Below the tight knot of his scarf his Adam's apple was very busy. He drank noisily, sighing afterwards; he chewed with rabbit-like swiftness, anxious to be free for the next mouthful; and between mouthfuls he hugged himself, rubbing his arms and elbows against his sides, in pure pleasure at food.

The fascination of the furniture-maker turned to rage. Rising, but still looking at the tramp, he called, 'Hans!'

The Austrian boy, who was at the table with the Egyptian, got up. He was about sixteen or seventeen, square and· chunky, enormously well-developed, with a broad smiling face. 'The man from Beirut also got up, and all' three went outside.

The tramp, oblivious of this, and of what was' being prepared for him, continued to eat and drink until, with a sigh which was like a sigh of fatigue, he was finished.

It was to be like a tiger-hunt, where bait is laid out and the hunter and spectators watch from the security of a platform. The bait here was the tramp's own rucksack. They placed that on the deck outside the cabin door, and watched it. The furniture-maker still pretended to be too angry to talk. But Hans smiled and explained the rules of the game as often as he was asked.

The tramp, though, didn't immediately play. After breakfast he disappeared. It was cold on the deck, even, in the sunshine, and sometimes the spray came right up. People who had come out to watch didn't stay, and even the furniture-maker and the man from Beirut went from time to time to rest in the smoking-room among the Germans and Arabs and the Spanish girls. They were given chairs; there was sympathy for their anger and exhaustion. Hans remained at his post. When the cold wind made him go inside the cabin he watched through the open door, sitting on one of the lower bunks and smiling up at people who passed.

Then the news came that the tramp had reappeared and had been caught according to the rules of the game. Some of the American schoolchildren were already on deck, studying the sea. So were the Spanish girls and the German girl. Hans blocked the cabin door. I could see the tramp holding the strap of his rucksack; I could hear him complaining in English through the French and Arabic shouts of the furniture-maker, who was raising his arms and pointing with his right hand, the skirts of his jacket dancing.

In the dining-room the furniture-maker's anger had seemed only theatrical, an aspect of his Mediterranean appearance, the moustache, the wavy hair. But now, in the open, with an expectant audience and a victim so nearly passive, he was working himself into a frenzy.

'Pig! Pig!'

'It's not true,' the tramp said, appealing to people who had only come to watch.

'Pig!'

The grotesque moment came. The furniture-maker, so strongly built, so elegant in his square-shouldered jacket, lunged with his left hand at the old man's head. The tramp swivelled his head, the way he did when he refused to acknowledge a stare. And he began to cry. The furniture-maker's hand went wide and he stumbled forward against the rails into a spatter of spray. Putting his hands to his breast, feeling for pen and wallet and other things, he cried out, like a man aggrieved and desperate, 'Hans! Hans!'

The tramp stooped; he stopped crying; his blue eyes popped.

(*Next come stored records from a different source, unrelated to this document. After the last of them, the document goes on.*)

lemma quad_coeff_recurrence:
  "real (m + 2) * quad_coeff y (m + 2) + real (2 * m + 3) * y * quad_coeff y (m + 1)
     + real (m + 1) * (1 + y\<^sup>2) * quad_coeff y m = 0"
proof -
  define R where "R r = 4 * real (m + 1) * real r ^ 2 * quad_weight r * fact m * exp_term (- y) (int m - 2 * int r + 2)" for r
  have R_Suc: "R (Suc r) = - real (m + 1) * quad_term y m r" for r
  proof -
    have "int m - 2 * int (Suc r) + 2 = int m - 2 * int r" by simp
    then have "R (Suc r) = real (m + 1) * fact m * exp_term (- y) (int m - 2 * int r)
        * (4 * real (Suc r) ^ 2 * quad_weight (Suc r))"
      unfolding R_def by (simp only: mult_ac)
    then show ?thesis unfolding quad_weight_Suc quad_term_def by (simp add: algebra_simps)
  qed
  have "quad_coeff y n = (\<Sum>r<Suc (m + 2). quad_term y n r)" if "n \<le> m + 2" for n
    using that by (intro quad_coeff_eq_sum) simp
  then have "real (m + 2) * quad_coeff y (m + 2) + real (2 * m + 3) * y * quad_coeff y (m + 1)
      + real (m + 1) * y\<^sup>2 * quad_coeff y m = (\<Sum>r<Suc (m + 2). R r)"
    by (simp only: le_refl le_add1 add_le_mono sum_distrib_left sum.distrib[symmetric]
        quad_term_recurrence R_def)
  also have "\<dots> = - real (m + 1) * (\<Sum>r<m + 2. quad_term y m r)"
    by (simp only: sum.lessThan_Suc_shift R_Suc sum_distrib_left) (simp add: R_def)
  also have "\<dots> = - real (m + 1) * quad_coeff y m"
    by (subst quad_coeff_eq_sum[of m "m + 2"]) simp_all
  finally show ?thesis by (simp add: algebra_simps)
qed

lemma fact_double_le: "fact (2 * r) \<le> (4::real) ^ r * fact r ^ 2"
proof -
  have "real ((2 * r) choose r) \<le> 4 ^ r"
    using binomial_le_pow2[of "2 * r" r] by (simp add: power_mult flip: of_nat_le_iff)
  moreover have "fact (2 * r) = real ((2 * r) choose r) * fact r ^ 2"
    using binomial_fact[of r "2 * r", where 'a = real] by (simp add: power2_eq_square mult_2 field_simps)
  ultimately show ?thesis by (simp add: mult_right_mono)
qed

lemma abs_quad_term_le:
  "\<bar>quad_term y n r\<bar> \<le> (if 2 * r \<le> n then real (n choose (2 * r)) * \<bar>y\<bar> ^ (n - 2 * r) else 0)"
proof (cases "2 * r \<le> n")
  case True
  then obtain j where n: "n = 2 * r + j" using le_Suc_ex by blast
  have "\<bar>quad_term y n r\<bar> = fact n / (4 ^ r * fact r ^ 2) * \<bar>y\<bar> ^ j / fact j"
    by (simp add: n quad_term_explicit quad_weight_def abs_mult power_abs)
  also have "\<dots> \<le> fact n / fact (2 * r) * \<bar>y\<bar> ^ j / fact j"
    by (intro divide_right_mono mult_right_mono divide_left_mono fact_double_le) auto
  also have "\<dots> = real (n choose (2 * r)) * \<bar>y\<bar> ^ (n - 2 * r)"
    using binomial_fact[OF True, where 'a = real] by (simp add: n)
  finally show ?thesis using True by simp
qed (simp add: quad_term_eq_0)

lemma abs_quad_coeff_le: "\<bar>quad_coeff y n\<bar> \<le> (1 + \<bar>y\<bar>) ^ n"
proof -
  define g where "g k = (if k \<le> n then real (n choose k) * \<bar>y\<bar> ^ (n - k) else 0)" for k
  have "\<bar>quad_coeff y n\<bar> \<le> (\<Sum>r<Suc n. g (2 * r))"
    unfolding quad_coeff_def g_def
    by (rule order_trans[OF sum_abs sum_mono]) (use abs_quad_term_le in simp)
  also have "\<dots> = (\<Sum>k\<in>(\<lambda>r. 2 * r) ` {..<Suc n}. g k)"
    by (subst sum.reindex) (auto simp: inj_on_def)
  also have "\<dots> \<le> (\<Sum>k<2 * n + 2. g k)"
    by (intro sum_mono2) (auto simp: g_def)
  also have "\<dots> = (\<Sum>k\<le>n. real (n choose k) * \<bar>y\<bar> ^ (n - k))"
    by (rule sum.mono_neutral_cong_right) (auto simp: g_def)
  also have "\<dots> = (1 + \<bar>y\<bar>) ^ n"
    by (subst binomial_ring) simp
  finally show ?thesis .
qed

lemma summable_quad_coeff:
  assumes "\<bar>x\<bar> < 1 / (1 + \<bar>y\<bar>)"
  shows "summable (\<lambda>n. quad_coeff y n * x ^ n)"
proof (rule summable_comparison_test)
  have "(1 + \<bar>y\<bar>) * \<bar>x\<bar> < 1"
    using assms by (simp add: field_simps add_pos_nonneg)
  then show "summable (\<lambda>n. ((1 + \<bar>y\<bar>) * \<bar>x\<bar>) ^ n)"
    by (intro summable_geometric) simp
  show "\<exists>N. \<forall>n\<ge>N. norm (quad_coeff y n * x ^ n) \<le> ((1 + \<bar>y\<bar>) * \<bar>x\<bar>) ^ n"
    by (auto simp: abs_mult power_abs power_mult_distrib intro!: mult_right_mono abs_quad_coeff_le)
qed

definition quad_form :: "real \<Rightarrow> real \<Rightarrow> real" where
  "quad_form y x = 1 + 2 * y * x + (1 + y\<^sup>2) * x\<^sup>2"

lemma quad_form_pos: "0 < quad_form y x"
proof -
  have "quad_form y x = (1 + y * x)\<^sup>2 + x\<^sup>2"
    by (simp add: quad_form_def algebra_simps power2_eq_square)
  moreover have "0 < (1 + y * x)\<^sup>2 + x\<^sup>2"
    by (cases "x = 0") (auto intro!: add_nonneg_pos)
  ultimately show ?thesis by simp
qed

definition shift_coeffs :: "(nat \<Rightarrow> real) \<Rightarrow> nat \<Rightarrow> real" where
  "shift_coeffs a n = (case n of 0 \<Rightarrow> 0 | Suc m \<Rightarrow> a m)"

lemma sums_shift_coeffs:
  assumes "(\<lambda>n. a n * x ^ n) sums s"
  shows "(\<lambda>n. shift_coeffs a n * x ^ n) sums (x * s)"
proof -
  have "(\<lambda>n. shift_coeffs a (Suc n) * x ^ Suc n) sums (x * s)"
    using sums_mult[OF assms, of x] by (simp add: shift_coeffs_def mult_ac)
  then show ?thesis
    by (subst (asm) sums_Suc_iff) (simp add: shift_coeffs_def)
qed

lemma quad_coeff_ode_coeffs:
  fixes y :: real
  defines "q \<equiv> quad_coeff y" and "c \<equiv> 1 + y\<^sup>2"
  shows "diffs q n + 2 * y * shift_coeffs (diffs q) n + c * shift_coeffs (shift_coeffs (diffs q)) n
    + y * q n + c * shift_coeffs q n = 0"
proof (cases n)
  case 0
  then show ?thesis by (simp add: q_def diffs_def shift_coeffs_def quad_coeff_0 quad_coeff_1)
next
  case (Suc k)
  show ?thesis
  proof (cases k)
    case 0
    then show ?thesis
      using quad_coeff_recurrence[of 0 y] \<open>n = Suc k\<close>
      by (simp add: q_def c_def diffs_def shift_coeffs_def quad_coeff_0 quad_coeff_1 algebra_simps)
  next
    case (Suc m)
    then show ?thesis
      using quad_coeff_recurrence[of "m + 1" y] \<open>n = Suc k\<close>
      by (simp add: q_def c_def diffs_def shift_coeffs_def algebra_simps eval_nat_numeral)
  qed
qed

lemma quad_series_ode:
  assumes x: "\<bar>x\<bar> < 1 / (1 + \<bar>y\<bar>)"
  shows "quad_form y x * (\<Sum>n. diffs (quad_coeff y) n * x ^ n)
    + (y + (1 + y\<^sup>2) * x) * (\<Sum>n. quad_coeff y n * x ^ n) = 0"
proof -
  define q where "q = quad_coeff y"
  define S where "S = (\<Sum>n. q n * x ^ n)"
  define S' where "S' = (\<Sum>n. diffs q n * x ^ n)"
  have S: "(\<lambda>n. q n * x ^ n) sums S"
    unfolding S_def q_def using summable_quad_coeff[OF x] by (rule summable_sums)
  have "summable (\<lambda>n. diffs q n * x ^ n)"
    unfolding q_def
    by (rule termdiff_converges[of x "1 / (1 + \<bar>y\<bar>)"]) (use x summable_quad_coeff in auto)
  then have S': "(\<lambda>n. diffs q n * x ^ n) sums S'"
    unfolding S'_def by (rule summable_sums)
  define c where "c = 1 + y\<^sup>2"
  have "(\<lambda>n. diffs q n * x ^ n + 2 * y * (shift_coeffs (diffs q) n * x ^ n)
        + c * (shift_coeffs (shift_coeffs (diffs q)) n * x ^ n)
        + y * (q n * x ^ n) + c * (shift_coeffs q n * x ^ n))
      sums (S' + 2 * y * (x * S') + c * (x * (x * S')) + y * S + c * (x * S))"
    by (intro sums_add sums_mult sums_shift_coeffs S S')
  moreover have "(\<lambda>n. diffs q n * x ^ n + 2 * y * (shift_coeffs (diffs q) n * x ^ n)
        + c * (shift_coeffs (shift_coeffs (diffs q)) n * x ^ n)
        + y * (q n * x ^ n) + c * (shift_coeffs q n * x ^ n)) = (\<lambda>n. 0)"
  proof
    fix n
    have "diffs q n + 2 * y * shift_coeffs (diffs q) n + c * shift_coeffs (shift_coeffs (diffs q)) n
        + y * q n + c * shift_coeffs q n = 0"
      unfolding q_def c_def by (rule quad_coeff_ode_coeffs)
    then show "diffs q n * x ^ n + 2 * y * (shift_coeffs (diffs q) n * x ^ n)
        + c * (shift_coeffs (shift_coeffs (diffs q)) n * x ^ n)
        + y * (q n * x ^ n) + c * (shift_coeffs q n * x ^ n) = 0"
      by (metis (no_types, lifting) distrib_right mult.assoc mult_zero_left)
  qed
  ultimately have "S' + 2 * y * (x * S') + c * (x * (x * S')) + y * S + c * (x * S) = 0"
    by (simp add: sums_iff)
  then show ?thesis
    by (simp add: q_def c_def S_def S'_def quad_form_def algebra_simps power2_eq_square)
qed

Hans had seized him by the polka-dotted scarf, twisting it, jerking it down. Kicking the rucksack hard, Hans at the same time flung the tramp forward by the knotted scarf. The tramp stumbled over Hans's kicking foot. The strain went out of Hans's smiling face and all that was left was the smile. The tramp could have recovered from his throw and stumble. But he preferred to fall and then to sit up. He was still holding the strap of his rucksack. He was crying again.

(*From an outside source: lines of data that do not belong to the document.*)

theorem mainTheorem5:
  shows "\<exists>c::real. c > 0 \<and>
    (\<forall>n k :: nat. \<forall>S :: nat list.
       n \<ge> 1 \<longrightarrow> k \<ge> 1 \<longrightarrow> length S = n \<longrightarrow> set S \<subseteq> {1..n} \<longrightarrow> k_monotone k S \<longrightarrow>
       real (LF k n S) \<le> c * real n * real k)"
proof (intro exI[of _ 2] conjI allI impI)
  fix n k :: nat and S :: "nat list"
  assume "n \<ge> 1" "k \<ge> 1" "length S = n" "set S \<subseteq> {1..n}" "k_monotone k S"
  then obtain R where "R = (<) \<or> R = (>)" "\<forall>idx. \<not> rel_chain R S k idx"
    using k_monotone_no_rel_chain by blast
  then have "int (LF k n S) \<le> int n + int k * (int n - 1)"
    using LF_le_if_no_monotone_chain \<open>length S = n\<close> \<open>set S \<subseteq> {1..n}\<close> \<open>n \<ge> 1\<close> by blast
  then have "real_of_int (int (LF k n S)) \<le> real_of_int (int n + int k * (int n - 1))"
    by linarith
  then have "real (LF k n S) \<le> real n + real k * (real n - 1)" by simp
  also have "\<dots> \<le> 2 * real n * real k"
    using mult_right_mono[of 1 "real k" "real n"] \<open>k \<ge> 1\<close> by (simp add: algebra_simps)
  finally show "real (LF k n S) \<le> 2 * real n * real k" .
qed simp

end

'It's not true. These remarks they've been making, it's not true.'

The young Americans were looking over the rails.

'Hans!' the furniture-maker called.

The tramp stopped crying.

'Ha-ans!'

The tramp didn't look round. He got up with his rucksack and ran.

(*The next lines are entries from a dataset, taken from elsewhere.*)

(* Let $0<p<1$ and let $\mu$ be a finite Borel measure on $S^{n-1}$ not concentrated in any closed hemisphere, and let $\mathfrak C_p(\mu)>0$ be a constant such that $\int_{S^{n-1}}(u\cdot v)_+^p\,d\mu(v)\ge\mathfrak C_p(\mu)$ for every $u\in S^{n-1}$. Let $\overline\mu_m$ be constructed as in the context. Then for all sufficiently large $m$, $$\int_{S^{n-1}}(u\cdot v)_+^p\,d\overline\mu_m(v)\ge\tfrac12\mathfrak C_p(\mu)\quad\text{for every }u\in S^{n-1}.$$
   Context: $(t)_+=\max\{t,0\}$; $|\nu|$ is total mass. Construction: for each positive integer $m$, $U_{1,m},\dots,U_{\mathcal N_m,m}$ is a partition of $S^{n-1}$ into Borel sets each of diameter less than $1/m$ and with nonempty interior relative to $S^{n-1}$, $v_{i,m}\in U_{i,m}$ are chosen in general position in dimension $n$, $\mu_m=\sum_{i=1}^{\mathcal N_m}(\mu(U_{i,m})+\mathcal N_m^{-2})\delta_{v_{i,m}}$ and $\overline\mu_m=\frac{|\mu|}{|\mu_m|}\mu_m$. *)

theory Defs
  imports "HOL-Analysis.Analysis"
begin

definition pos_pow :: "real \<Rightarrow> real \<Rightarrow> real" where
  "pos_pow p t = (max t 0) powr p"

definition discrete_measure :: "nat \<Rightarrow> (nat \<Rightarrow> 'a::topological_space) \<Rightarrow> (nat \<Rightarrow> real) \<Rightarrow> 'a measure" where
  "discrete_measure N V w =
     measure_of UNIV (sets borel) (\<lambda>A. \<Sum>i<N. ennreal (w i) * indicator A (V i))"

definition general_position :: "(nat \<Rightarrow> 'a::euclidean_space) \<Rightarrow> nat set \<Rightarrow> bool" where
  "general_position V I \<longleftrightarrow>
     (\<forall>J. J \<subseteq> I \<and> card J \<le> DIM('a) \<longrightarrow> inj_on V J \<and> independent (V ` J))"

text \<open>A finite Borel measure on the unit sphere (as a measure on the ambient space
  vanishing off the sphere).\<close>
definition finite_borel_measure_on_sphere :: "'a::euclidean_space measure \<Rightarrow> bool" where
  "finite_borel_measure_on_sphere \<mu> \<longleftrightarrow>
     sets \<mu> = sets borel \<and> finite_measure \<mu> \<and> emeasure \<mu> (- sphere 0 1) = 0"

text \<open>mu is concentrated in the closed hemisphere {v. u . v \<ge> 0} iff the complementary
  open hemisphere is null.\<close>
definition not_concentrated_in_hemisphere :: "'a::euclidean_space measure \<Rightarrow> bool" where
  "not_concentrated_in_hemisphere \<mu> \<longleftrightarrow>
     (\<forall>u\<in>sphere 0 1. emeasure \<mu> {v\<in>sphere 0 1. u \<bullet> v < 0} \<noteq> 0)"

end

theory Submission
  imports Defs
begin

text \<open>
  Since \<open>t \<mapsto> (t)\<^sub>+\<^sup>p\<close> is \<open>p\<close>-Hoelder, on a cell \<open>U\<^sub>i\<close> of diameter \<open>< 1/m\<close> the integrand
  \<open>(u \<bullet> w)\<^sub>+\<^sup>p\<close> differs from its value at \<open>v\<^sub>i\<close> by at most \<open>m\<^sup>-\<^sup>p\<close>, so the Riemann sum
  \<open>\<Sum>\<^sub>i \<mu>(U\<^sub>i) (u \<bullet> v\<^sub>i)\<^sub>+\<^sup>p\<close> is at least \<open>C - m\<^sup>-\<^sup>p |\<mu>|\<close>. The extra weights \<open>N\<^sup>-\<^sup>2\<close> raise the
  total mass by \<open>1/N\<close> and contribute at least \<open>N\<^sup>-\<^sup>2 (1 - 1/m)\<close> through the centre nearest to \<open>u\<close>.
  In dimension at least 2 the sphere contains \<open>2m + 1\<close> points at mutual distance \<open>\<ge> 1/m\<close>, so
  \<open>N > 2m\<close> and the normalising factor \<open>|\<mu>| / (|\<mu>| + 1/N)\<close> tends to 1; in dimension 1 there are
  at most two cells and the mass added near \<open>u\<close> compensates for the normalisation.
\<close>

lemma sets_discrete_measure [simp, measurable_cong]:
  "sets (discrete_measure N V w) = sets borel"
  by (simp add: discrete_measure_def) (metis space_borel sets.sigma_sets_eq)

lemma discrete_measure_eq_distr:
  fixes V :: "nat \<Rightarrow> 'a::topological_space"
  shows "discrete_measure N V w = distr (density (count_space {..<N}) (\<lambda>i. ennreal (w i))) borel V"
    (is "_ = ?M")
proof -
  have "?M = measure_of UNIV (sets borel) (emeasure ?M)"
    using measure_of_of_measure[of ?M] by simp
  also have "\<dots> = discrete_measure N V w"
    unfolding discrete_measure_def
  proof (rule measure_of_eq)
    fix A :: "'a set"
    assume "A \<in> sigma_sets UNIV (sets borel)"
    then have A: "A \<in> sets borel"
      by (metis space_borel sets.sigma_sets_eq)
    have "emeasure ?M A
        = (\<integral>\<^sup>+ i. ennreal (w i) * indicator (V -` A \<inter> {..<N}) i \<partial>count_space {..<N})"
      using A by (simp add: emeasure_distr emeasure_density)
    also have "\<dots> = (\<Sum>i<N. ennreal (w i) * indicator A (V i))"
      by (auto simp: nn_integral_count_space_finite indicator_def intro!: sum.cong)
    finally show "emeasure ?M A = (\<Sum>i<N. ennreal (w i) * indicator A (V i))" .
  qed simp
  finally show ?thesis
    by simp
qed

lemma nn_integral_discrete_measure:
  assumes "f \<in> borel_measurable borel"
  shows "(\<integral>\<^sup>+x. f x \<partial>discrete_measure N V w) = (\<Sum>i<N. ennreal (w i) * f (V i))"
  using assms unfolding discrete_measure_eq_distr
  by (simp add: nn_integral_distr nn_integral_density nn_integral_count_space_finite)

lemma integral_scaled_discrete_measure:
  fixes f :: "'a::topological_space \<Rightarrow> real"
  assumes f: "f \<in> borel_measurable borel" "\<And>x. 0 \<le> f x"
    and r: "0 \<le> r" and w: "\<And>i. i < N \<Longrightarrow> 0 \<le> w i"
  shows "(\<integral>x. f x \<partial>scale_measure (ennreal r) (discrete_measure N V w))
       = r * (\<Sum>i<N. w i * f (V i))"
proof -
  have "(\<Sum>i<N. ennreal (w i) * ennreal (f (V i))) = ennreal (\<Sum>i<N. w i * f (V i))"
    using w f by (subst sum_ennreal[symmetric]) (auto simp: ennreal_mult' intro!: sum.cong)
  moreover have "0 \<le> (\<Sum>i<N. w i * f (V i))"
    using w f by (intro sum_nonneg) auto
  ultimately show ?thesis
    using f r
    by (simp add: integral_eq_nn_integral nn_integral_scale_measure nn_integral_discrete_measure
        ennreal_mult'[symmetric])
qed

lemma integral_normalized_perturbed_discrete_measure:
  fixes f :: "'a::topological_space \<Rightarrow> real"
  assumes f: "f \<in> borel_measurable borel" "\<And>x. 0 \<le> f x"
    and a: "\<And>i. i < n \<Longrightarrow> 0 \<le> a i" and n: "0 < n" and s: "0 \<le> s"
  shows "(\<integral>x. f x \<partial>scale_measure (ennreal (s / (\<Sum>i<n. a i + 1 / (real n)\<^sup>2)))
            (discrete_measure n V (\<lambda>i. a i + 1 / (real n)\<^sup>2)))
       = s / ((\<Sum>i<n. a i) + 1 / n) * ((\<Sum>i<n. a i * f (V i)) + (\<Sum>i<n. f (V i)) / (real n)\<^sup>2)"
proof -
  have "(\<Sum>i<n. a i + 1 / (real n)\<^sup>2) = (\<Sum>i<n. a i) + 1 / n"
    using n by (simp add: sum.distrib power2_eq_square)
  moreover have "(\<Sum>i<n. (a i + 1 / (real n)\<^sup>2) * f (V i))
      = (\<Sum>i<n. a i * f (V i)) + (\<Sum>i<n. f (V i)) / (real n)\<^sup>2"
    by (simp add: algebra_simps sum.distrib sum_divide_distrib)
  moreover have "0 \<le> (\<Sum>i<n. a i)"
    using a by (intro sum_nonneg) auto
  ultimately show ?thesis
    using f a s by (subst integral_scaled_discrete_measure) auto
qed

lemma pos_pow_nonneg: "0 \<le> pos_pow p t"
  by (simp add: pos_pow_def)

lemma pos_pow_le_1: "t \<le> 1 \<Longrightarrow> 0 < p \<Longrightarrow> pos_pow p t \<le> 1"
  unfolding pos_pow_def by (intro powr_le1) auto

The story was that he had locked himself in one of the lavatories. But he reappeared among us, twice.

About an hour later he came into the smoking-room, without his rucksack, with no sign of distress on his face. He was already restored. He came in, in his abrupt way, not looking to right or left. Just a few steps brought him right into the small room and almost up against the legs of the furniture-maker, who was stretched out in an upholstered chair, exhausted, one hand over his half-closed eyes. After surprise, anger and contempt filled the tramp's eyes. He started to swivel his head away.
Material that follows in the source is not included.